AI can use human perception to help tune out noisy audio
In a breakthrough discovery, scientists have unveiled a novel deep learning framework poised to revolutionize audio fidelity in real-world contexts.
This advancement hinges on a previously overlooked asset: the intricate nuances of human perception.
By harnessing subjective assessments of sound quality, researchers have merged these insights with a speech enhancement model, culminating in markedly superior speech fidelity as gauged by empirical benchmarks.
This innovative model surpasses conventional methodologies in its adeptness at mitigating the intrusion of noisy audio—extraneous disturbances that often obfuscate desired auditory content.
Notably, the predictive quality scores yielded by the model exhibit a strong alignment with human judgments, underscoring its efficacy.
Traditionally, efforts to attenuate background noise have relied on AI algorithms to segregate noise from the desired signal.

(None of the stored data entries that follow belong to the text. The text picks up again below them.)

lemma EE_objs: "d \<in> EE X C A \<Longrightarrow> C \<in> Obj X \<and> A \<in> Obj X"
  using biadditive unfolding biadditive_E_def by (metis empty_iff)
lemma EE_abgroup_objs: "C \<in> Obj X \<Longrightarrow> A \<in> Obj X \<Longrightarrow> abgroup_on (EE X C A) (eadd X) (ezero X C A) (eneg X)"
  using biadditive unfolding biadditive_E_def by simp
lemma EE_abgroup: "d \<in> EE X C A \<Longrightarrow> abgroup_on (EE X C A) (eadd X) (ezero X C A) (eneg X)"
  using EE_abgroup_objs EE_objs by blast
lemma push_EE: "a \<in> Hom X A A' \<Longrightarrow> d \<in> EE X C A \<Longrightarrow> push X a d \<in> EE X C A'"
  using biadditive unfolding biadditive_E_def by simp
lemma pull_EE: "c \<in> Hom X C' C \<Longrightarrow> d \<in> EE X C A \<Longrightarrow> pull X c d \<in> EE X C' A"
  using biadditive unfolding biadditive_E_def by simp
lemma push_id: "d \<in> EE X C A \<Longrightarrow> push X (idm X A) d = d"
  using biadditive unfolding biadditive_E_def by simp
lemma pull_id: "d \<in> EE X C A \<Longrightarrow> pull X (idm X C) d = d"
  using biadditive unfolding biadditive_E_def by simp
lemma push_comp: "a \<in> Hom X A A' \<Longrightarrow> a' \<in> Hom X A' A'' \<Longrightarrow> d \<in> EE X C A \<Longrightarrow>
    push X (cp X a' a) d = push X a' (push X a d)"
  using biadditive unfolding biadditive_E_def by simp
lemma pull_comp: "c \<in> Hom X C' C \<Longrightarrow> c' \<in> Hom X C'' C' \<Longrightarrow> d \<in> EE X C A \<Longrightarrow>
    pull X (cp X c c') d = pull X c' (pull X c d)"
  using biadditive unfolding biadditive_E_def by simp
lemma push_pull_commute: "a \<in> Hom X A A' \<Longrightarrow> c \<in> Hom X C' C \<Longrightarrow> d \<in> EE X C A \<Longrightarrow>
    push X a (pull X c d) = pull X c (push X a d)"
  using biadditive unfolding biadditive_E_def by simp
lemma pull_eadd: "c \<in> Hom X C' C \<Longrightarrow> d \<in> EE X C A \<Longrightarrow> d' \<in> EE X C A \<Longrightarrow>
    pull X c (eadd X d d') = eadd X (pull X c d) (pull X c d')"
  using biadditive unfolding biadditive_E_def by simp
lemma push_madd: "a \<in> Hom X A A' \<Longrightarrow> a' \<in> Hom X A A' \<Longrightarrow> d \<in> EE X C A \<Longrightarrow>
    push X (madd X a a') d = eadd X (push X a d) (push X a' d)"
  using biadditive unfolding biadditive_E_def by simp
lemma pull_madd: "c \<in> Hom X C' C \<Longrightarrow> c' \<in> Hom X C' C \<Longrightarrow> d \<in> EE X C A \<Longrightarrow>
    pull X (madd X c c') d = eadd X (pull X c d) (pull X c' d)"
  using biadditive unfolding biadditive_E_def by simp
(* Let $\Gamma$ be a Deza graph with parameters $(n,k,k-1,a)$, $k>1$, $\beta=1$. The set of $NA$-vertices of $\Gamma$ can be partitioned into quadruples of the form $\{x,x',x_b,x_b'\}$, where $x_b'=(x')_b=(x_b)'$.
   Context: A Deza graph with parameters $(n,k,b,a)$, $a\le b$, is a $k$-regular graph on $n$ vertices in which any two distinct vertices have $a$ or $b$ common neighbours; $\beta$ is the number of vertices $u\ne v$ with exactly $b$ common neighbours with a given vertex $v$. Since $\beta=1$, for each vertex $x$ let $x_b$ denote the unique vertex having $b=k-1$ common neighbours with $x$. A vertex $x$ is an $A$-vertex if $x$ is adjacent to $x_b$, and an $NA$-vertex otherwise. For an $NA$-vertex $x$, $x'$ denotes the unique neighbour of $x$ not adjacent to $x_b$; one has $(x')_b=(x_b)'$, denoted $x_b'$. *)

theory Defs
  imports Main
begin

definition common_nbrs :: "'a set \<Rightarrow> ('a \<Rightarrow> 'a \<Rightarrow> bool) \<Rightarrow> 'a \<Rightarrow> 'a \<Rightarrow> nat" where
  "common_nbrs V E u v = card {w \<in> V. E u w \<and> E v w}"

definition deza_graph :: "'a set \<Rightarrow> ('a \<Rightarrow> 'a \<Rightarrow> bool) \<Rightarrow> nat \<Rightarrow> nat \<Rightarrow> nat \<Rightarrow> nat \<Rightarrow> bool" where
  "deza_graph V E n k b a \<longleftrightarrow>
     finite V \<and> card V = n \<and>
     (\<forall>u v. E u v \<longrightarrow> u \<in> V \<and> v \<in> V) \<and>
     (\<forall>u v. E u v \<longrightarrow> E v u) \<and>
     (\<forall>v. \<not> E v v) \<and>
     (\<forall>v\<in>V. card {w \<in> V. E v w} = k) \<and>
     a \<le> b \<and>
     (\<forall>u\<in>V. \<forall>v\<in>V. u \<noteq> v \<longrightarrow> common_nbrs V E u v = a \<or> common_nbrs V E u v = b)"

definition deza_beta :: "'a set \<Rightarrow> ('a \<Rightarrow> 'a \<Rightarrow> bool) \<Rightarrow> nat \<Rightarrow> 'a \<Rightarrow> nat" where
  "deza_beta V E b v = card {u \<in> V. u \<noteq> v \<and> common_nbrs V E v u = b}"

text \<open>x_b: the unique vertex having b common neighbours with x (meaningful when beta = 1).\<close>
definition bvert :: "'a set \<Rightarrow> ('a \<Rightarrow> 'a \<Rightarrow> bool) \<Rightarrow> nat \<Rightarrow> 'a \<Rightarrow> 'a" where
  "bvert V E b x = (THE u. u \<in> V \<and> u \<noteq> x \<and> common_nbrs V E x u = b)"

definition A_vertex :: "'a set \<Rightarrow> ('a \<Rightarrow> 'a \<Rightarrow> bool) \<Rightarrow> nat \<Rightarrow> 'a \<Rightarrow> bool" where
  "A_vertex V E b x \<longleftrightarrow> x \<in> V \<and> E x (bvert V E b x)"

definition NA_vertex :: "'a set \<Rightarrow> ('a \<Rightarrow> 'a \<Rightarrow> bool) \<Rightarrow> nat \<Rightarrow> 'a \<Rightarrow> bool" where
  "NA_vertex V E b x \<longleftrightarrow> x \<in> V \<and> \<not> E x (bvert V E b x)"

definition nprime :: "'a set \<Rightarrow> ('a \<Rightarrow> 'a \<Rightarrow> bool) \<Rightarrow> nat \<Rightarrow> 'a \<Rightarrow> 'a" where
  "nprime V E b x = (THE y. y \<in> V \<and> E x y \<and> \<not> E y (bvert V E b x))"

end

theory Submission
  imports Defs
begin

text \<open>Counting the walks of length three between two vertices in two ways shows that
  \<open>v\<close> is adjacent to \<open>u\<^sub>b\<close> iff \<open>u\<close> is adjacent to \<open>v\<^sub>b\<close>; together with \<open>(x\<^sub>b)\<^sub>b = x\<close> this makes
  \<open>x \<mapsto> x\<^sub>b\<close> an automorphism of order two. Since \<open>x\<close> and \<open>x\<^sub>b\<close> share \<open>k - 1\<close> of their \<open>k\<close>
  neighbours, every vertex \<open>x\<close> has a unique neighbour \<open>x'\<close> not adjacent to \<open>x\<^sub>b\<close> (for an
  A-vertex it is \<open>x\<^sub>b\<close>), and the automorphism gives \<open>(x')\<^sub>b = (x\<^sub>b)'\<close> and \<open>x'' = x\<close>. An A-vertex
  is adjacent to \<open>x\<^sub>b\<close> and to nothing else outside the neighbourhood of \<open>x\<^sub>b\<close>, which forces
  \<open>x'\<close> to be an NA-vertex whenever \<open>x\<close> is. So the set \<open>{x, x', x\<^sub>b, x\<^sub>b'}\<close> is closed under
  both involutions, and these sets partition the NA-vertices.\<close>

lemma card_Collect_eq_1_ex1:
  assumes "card {x \<in> A. P x} = 1" shows "\<exists>!x. x \<in> A \<and> P x"
proof -
  obtain y where "{x \<in> A. P x} = {y}"
    using assms card_1_singletonE by blast
  then have "x \<in> A \<and> P x \<longleftrightarrow> x = y" for x
    by (metis (no_types, lifting) mem_Collect_eq singleton_iff)
  then show ?thesis by simp
qed

lemma classes_partition:
  assumes "\<And>x. x \<in> S \<Longrightarrow> x \<in> Q x"
    and "\<And>x z. x \<in> S \<Longrightarrow> z \<in> Q x \<Longrightarrow> z \<in> S \<and> Q z = Q x"
  shows "\<Union>(Q ` S) = S" and "\<forall>A\<in>Q ` S. \<forall>B\<in>Q ` S. A \<noteq> B \<longrightarrow> A \<inter> B = {}"
proof -
  show "\<Union>(Q ` S) = S"
    using assms by blast
  have "Q x = Q y" if "x \<in> S" "y \<in> S" "z \<in> Q x" "z \<in> Q y" for x y z
    using assms(2)[OF that(1,3)] assms(2)[OF that(2,4)] by simp
  then show "\<forall>A\<in>Q ` S. \<forall>B\<in>Q ` S. A \<noteq> B \<longrightarrow> A \<inter> B = {}"
    by (auto simp: disjoint_iff)
qed

lemma common_nbrs_commute: "common_nbrs V E u v = common_nbrs V E v u"
  unfolding common_nbrs_def by (simp add: conj_commute)

lemma sum_common_nbrs_nbrs_swap:
  assumes "finite V" and sym: "\<And>u v. E u v \<Longrightarrow> E v u"
  shows "(\<Sum>z\<in>{z\<in>V. E v z}. common_nbrs V E z u) = (\<Sum>w\<in>{w\<in>V. E u w}. common_nbrs V E v w)"
proof -
  have "(\<Sum>z\<in>{z\<in>V. E v z}. common_nbrs V E z u)
      = (\<Sum>z\<in>{z\<in>V. E v z}. \<Sum>w\<in>{w. w \<in> {w\<in>V. E u w} \<and> E z w}. 1::nat)"
    unfolding common_nbrs_def by (auto intro!: sum.cong arg_cong[where f = card])
  also have "\<dots> = (\<Sum>w\<in>{w\<in>V. E u w}. \<Sum>z\<in>{z. z \<in> {z\<in>V. E v z} \<and> E z w}. 1::nat)"
    using assms(1) by (intro sum.swap_restrict) auto
  also have "\<dots> = (\<Sum>w\<in>{w\<in>V. E u w}. common_nbrs V E v w)"
    unfolding common_nbrs_def using sym by (auto intro!: sum.cong arg_cong[where f = card])
  finally show ?thesis .
qed

locale deza_beta_one =
  fixes V :: "'a set" and E :: "'a \<Rightarrow> 'a \<Rightarrow> bool" and n k a :: nat
  assumes deza: "deza_graph V E n k (k - 1) a"
    and k_gt_1: "k > 1"
    and beta_one: "\<forall>v\<in>V. deza_beta V E (k - 1) v = 1"
begin

abbreviation "bv x \<equiv> bvert V E (k - 1) x"
abbreviation "np x \<equiv> nprime V E (k - 1) x"
abbreviation "nbrs v \<equiv> {w \<in> V. E v w}"

lemma finite_V: "finite V"
  using deza unfolding deza_graph_def by blast

lemma adj_in_V: "E u v \<Longrightarrow> u \<in> V \<and> v \<in> V"
  using deza unfolding deza_graph_def by blast

lemma adj_commute: "E u v \<longleftrightarrow> E v u"
  using deza unfolding deza_graph_def by blast

lemma adj_irrefl: "\<not> E v v"
  using deza unfolding deza_graph_def by blast

lemma card_nbrs: "v \<in> V \<Longrightarrow> card (nbrs v) = k"
  using deza unfolding deza_graph_def by blast

lemma a_le: "a \<le> k - 1"
  using deza unfolding deza_graph_def by blast

lemma common_nbrs_cases:
  "u \<in> V \<Longrightarrow> v \<in> V \<Longrightarrow> u \<noteq> v \<Longrightarrow> common_nbrs V E u v = a \<or> common_nbrs V E u v = k - 1"
  using deza unfolding deza_graph_def by blast

lemma common_nbrs_self: "v \<in> V \<Longrightarrow> common_nbrs V E v v = k"
  unfolding common_nbrs_def using card_nbrs by simp

lemma ex1_b_partner:
  assumes "v \<in> V" shows "\<exists>!u. u \<in> V \<and> u \<noteq> v \<and> common_nbrs V E v u = k - 1"
proof (rule card_Collect_eq_1_ex1)
  show "card {u \<in> V. u \<noteq> v \<and> common_nbrs V E v u = k - 1} = 1"
    using beta_one assms unfolding deza_beta_def by blast
qed

lemma bv_props:
  assumes "v \<in> V"
  shows bv_in_V: "bv v \<in> V" and bv_neq: "bv v \<noteq> v"
    and common_nbrs_bv: "common_nbrs V E v (bv v) = k - 1"
  using theI'[OF ex1_b_partner[OF assms]] unfolding bvert_def by blast+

However, these objective measures frequently diverge from listeners’ discernments of speech intelligibility, notes Donald Williamson, co-author of the study and an associate professor in computer science and engineering at The Ohio State University.
Williamson elucidates, “What sets our study apart is the utilization of perceptual cues to inform the model’s noise reduction mechanism.
If certain attributes of the signal are perceptible to individuals in terms of its fidelity, our model can leverage this information to refine noise suppression.”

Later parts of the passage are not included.